Unveiling the plan before the Chancellor’s Budget, UK Music Chief Executive Jamie Njoku-Goodwin said the music industry wanted to create a “truly memorable musical celebration” as the UK emerged from Covid-19 lockdown.

He welcomed the Prime Minister’s announcement of three clear dates: April 12 for the start of pilot events; May 17 for indoor and outdoor events – with capacity limits and social distancing; and June 21 for large gigs and concerts with no social distancing.

However, Njoku-Goodwin said that the music industry needed urgent action in three key areas to help the industry deliver a music-filled summer and play its part in the post-pandemic recovery.

  • Backstage planning: The Chancellor should extend the furlough and job support schemes, extend business rate relief and the 5% VAT rate on ticket sales and ensure the £1.57 billion Cultural Recovery Fund continues until live music can get back on its feet.
  • Getting the show on the road: Event organisers desperately need a Government-backed insurance scheme so they can book acts and build shows from May and June with the guarantee of some protection if Covid-19 forces cancellations.
  • Building for the future: The Government should unlock the potential of the British music industry to help spearhead the economic recovery and deliver long-term growth and jobs. This should include action like boosting the successful Music Export Growth Scheme and creating a music exports office to help build on the £2.9 billion the music industry generates in UK exports.

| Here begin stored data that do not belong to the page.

(* Let $X$ and $Y$ be nonempty compact Hausdorff spaces, and let $E$ be a complex locally convex space with $E\neq\{0_E\}$. Suppose $T:C(X,E)\to C(Y,E)$ is a map (not assumed linear) such that $$\operatorname{Ran}(TF-TG)\subset \operatorname{Ran}(F-G)\quad\text{for all } F,G\in C(X,E).$$ Then there exists a continuous map $\varphi:Y\to X$ such that $$TF=T(1\otimes 0_E)+F\circ\varphi\quad\text{for all } F\in C(X,E).$$ In particular, if in addition $T(1\otimes 0_E)=1\otimes 0_E$, then $T$ is linear.
   Context: A locally convex space is a complex vector space with a Hausdorff topology making addition and scalar multiplication continuous and having a basis of neighborhoods of $0_E$ consisting of convex sets. $C(X,E)$ denotes the complex vector space (pointwise operations) of all continuous functions $X\to E$. For $F\in C(X,E)$, $\operatorname{Ran}(F)=\{F(x):x\in X\}$. For $f\in C(X)$ (continuous complex-valued functions on $X$) and $u\in E$, $f\otimes u:X\to E$ is the function $x\mapsto f(x)u$; thus $1\otimes 0_E$ is the constant function with value $0_E$. *)

theory Defs
  imports "HOL-Analysis.Analysis"
begin

text \<open>A complex vector space structure on a type is given by an explicit scalar
multiplication smul (the library has no complex vector space class); the topology
of E is the type-class topology of the carrier type.\<close>

definition cconvex :: "(complex \<Rightarrow> 'e::ab_group_add \<Rightarrow> 'e) \<Rightarrow> 'e set \<Rightarrow> bool" where
  "cconvex smul V \<longleftrightarrow>
     (\<forall>x\<in>V. \<forall>y\<in>V. \<forall>t::real. 0 \<le> t \<and> t \<le> 1 \<longrightarrow>
        smul (complex_of_real t) x + smul (complex_of_real (1 - t)) y \<in> V)"
(* Let $n>d\ge1$ and let $G$ be a connected graph with $n$ vertices and diameter $d$. Then $$\sigma_2(G)\ge g_2(d)+(n-1-d)\left\lceil\tfrac d2\right\rceil\left(\left\lceil\tfrac d2\right\rceil+1\right).$$ Equality holds for the tree consisting of a path $P$ of length $d$ plus $n-d-1$ leaves all adjacent to one vertex of $P$ of eccentricity $\lceil d/2\rceil$.
   Context: All graphs are finite, simple, undirected. For a connected graph $G$ and $u\in V(G)$, the eccentricity $\varepsilon_G(u)=\max_{v\in V(G)} d_G(u,v)$; the diameter is $\max_u\varepsilon_G(u)$. $\sigma_2(G)=\sum_{uv\in E(G)}\varepsilon_G(u)\varepsilon_G(v)$. Here $g_2(d)=\sum_{i=0}^{d-1}\max\{i,d-i\}\cdot\max\{i+1,d-i-1\}$ (the value of $\sigma_2$ on the path with $d$ edges), which equals $\frac{7d^3-4d}{12}$ for even $d$ and $\frac{7d^3-d+6}{12}$ for odd $d$. *)

theory Defs
  imports Complex_Main
begin

definition simple_graph :: "'a set \<Rightarrow> ('a \<Rightarrow> 'a \<Rightarrow> bool) \<Rightarrow> bool" where
  "simple_graph V E \<longleftrightarrow> finite V \<and> (\<forall>u v. E u v \<longrightarrow> u \<in> V \<and> v \<in> V)
     \<and> (\<forall>u v. E u v \<longrightarrow> E v u) \<and> (\<forall>u. \<not> E u u)"

fun walk :: "('a \<Rightarrow> 'a \<Rightarrow> bool) \<Rightarrow> 'a list \<Rightarrow> bool" where
  "walk E [] = False"
| "walk E [x] = True"
| "walk E (x # y # xs) = (E x y \<and> walk E (y # xs))"

definition joined :: "('a \<Rightarrow> 'a \<Rightarrow> bool) \<Rightarrow> 'a \<Rightarrow> 'a \<Rightarrow> nat \<Rightarrow> bool" where
  "joined E u v k \<longleftrightarrow> (\<exists>xs. walk E xs \<and> hd xs = u \<and> last xs = v \<and> length xs = Suc k)"

definition connected_graph :: "'a set \<Rightarrow> ('a \<Rightarrow> 'a \<Rightarrow> bool) \<Rightarrow> bool" where
  "connected_graph V E \<longleftrightarrow> simple_graph V E \<and> V \<noteq> {} \<and>
     (\<forall>u\<in>V. \<forall>v\<in>V. \<exists>k. joined E u v k)"

definition gdist :: "('a \<Rightarrow> 'a \<Rightarrow> bool) \<Rightarrow> 'a \<Rightarrow> 'a \<Rightarrow> nat" where
  "gdist E u v = (LEAST k. joined E u v k)"

definition ecc :: "'a set \<Rightarrow> ('a \<Rightarrow> 'a \<Rightarrow> bool) \<Rightarrow> 'a \<Rightarrow> nat" where
  "ecc V E u = Max ((\<lambda>v. gdist E u v) ` V)"

definition diameter :: "'a set \<Rightarrow> ('a \<Rightarrow> 'a \<Rightarrow> bool) \<Rightarrow> nat" where
  "diameter V E = Max ((\<lambda>u. ecc V E u) ` V)"

definition edges :: "'a set \<Rightarrow> ('a \<Rightarrow> 'a \<Rightarrow> bool) \<Rightarrow> 'a set set" where
  "edges V E = {{u, v} | u v. u \<in> V \<and> v \<in> V \<and> E u v}"

definition sigma2 :: "'a set \<Rightarrow> ('a \<Rightarrow> 'a \<Rightarrow> bool) \<Rightarrow> nat" where
  "sigma2 V E = (\<Sum>e\<in>edges V E. \<Prod>u\<in>e. ecc V E u)"
lemma adj_padd [simp]: "adj (padd c p) (padd c q) \<longleftrightarrow> adj p q"
  by (simp add: adj_def padd_def)

lemma is_shape_translate:
  assumes "is_shape S"
  shows "is_shape (translate c S)"
proof -
  let ?f = "\<lambda>e. padd c ` e"
  have "graph_connected (padd c ` fst S) (?f ` snd S)"
  proof (rule graph_connected_image)
    show "graph_connected (fst S) (snd S)"
      using assms unfolding is_shape_def by blast
    fix a b assume "{a, b} \<in> snd S"
    then have "?f {a, b} \<in> ?f ` snd S"
      by (rule imageI)
    then show "padd c a = padd c b \<or> {padd c a, padd c b} \<in> ?f ` snd S"
      by simp
  qed
  moreover have "?f ` snd S \<subseteq> grid_edges (padd c ` fst S)"
  proof
    fix e assume "e \<in> ?f ` snd S"
    then obtain e0 where "e0 \<in> snd S" "e = ?f e0"
      by blast
    moreover from this have "e0 \<in> grid_edges (fst S)"
      using assms unfolding is_shape_def by blast
    ultimately obtain a b where "e = {padd c a, padd c b}" "a \<in> fst S" "b \<in> fst S" "adj a b"
      by (auto elim: grid_edgesE)
    then show "e \<in> grid_edges (padd c ` fst S)"
      by (simp add: doubleton_in_grid_edges)
  qed
  ultimately show ?thesis
    using assms unfolding is_shape_def translate_def by simp
qed

lemma same_shape_translate: "same_shape (translate c S) S"
proof -
  have "padd (- fst c, - snd c) \<circ> padd c = id"
    by (auto simp: padd_def)
  then have "translate (- fst c, - snd c) (translate c S) = S"
    by (simp add: translate_def image_comp image_image)
  then show ?thesis
    unfolding same_shape_def by metis
qed

lemma grows_in_if_reaches:
  assumes "reaches k (fst S')" and "is_shape S'" and "same_shape S' S"
  shows "grows_in single_node S (Suc k)"
proof -
  obtain E where E: "grid_edges (fst S') \<subseteq> E" "process_prefix k (fst S', E)"
    using assms(1) unfolding reaches_def by blast
  have "snd S' \<subseteq> grid_edges (fst S')" "graph_connected (fst S') (snd S')"
    using assms(2) unfolding is_shape_def by auto
  with E(1) have "cb_step (fst S', E) S'"
    unfolding cb_step_def using growth_step_idle[of "snd S'" "fst S'"]
    by (intro exI[of _ "snd S'"]) auto
  then show ?thesis
    by (rule grows_in_if_process_prefix[OF E(2) _ assms(3)])
qed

The three-point plan for the Chancellor’s March 3 Budget follows extensive talks between UK Music and the Government about reviving live music as soon as it is safe to do so.

It also builds on the successful #LetTheMusicPlay and #SaveOurSummer campaigns for a sector that generates £5.8 billion for the UK’s economy and supports 200,000 jobs.

UK Music Chief Executive Jamie Njoku-Goodwin said: 

“Everyone is determined to deliver the truly memorable musical celebration that we all need as we emerge from the terrible impact of Covid-19.

“We want the Chancellor to use his Budget to deliver the best of British sounds this summer and ensure live music is back to lift our spirits and help drive the post-pandemic recovery.

“We need the existing jobs support schemes, the business rate relief and the 5% VAT rate on ticket sales to continue until the music industry is back on its feet. The hugely welcome £1.57 billion Cultural Relief Fund should also continue.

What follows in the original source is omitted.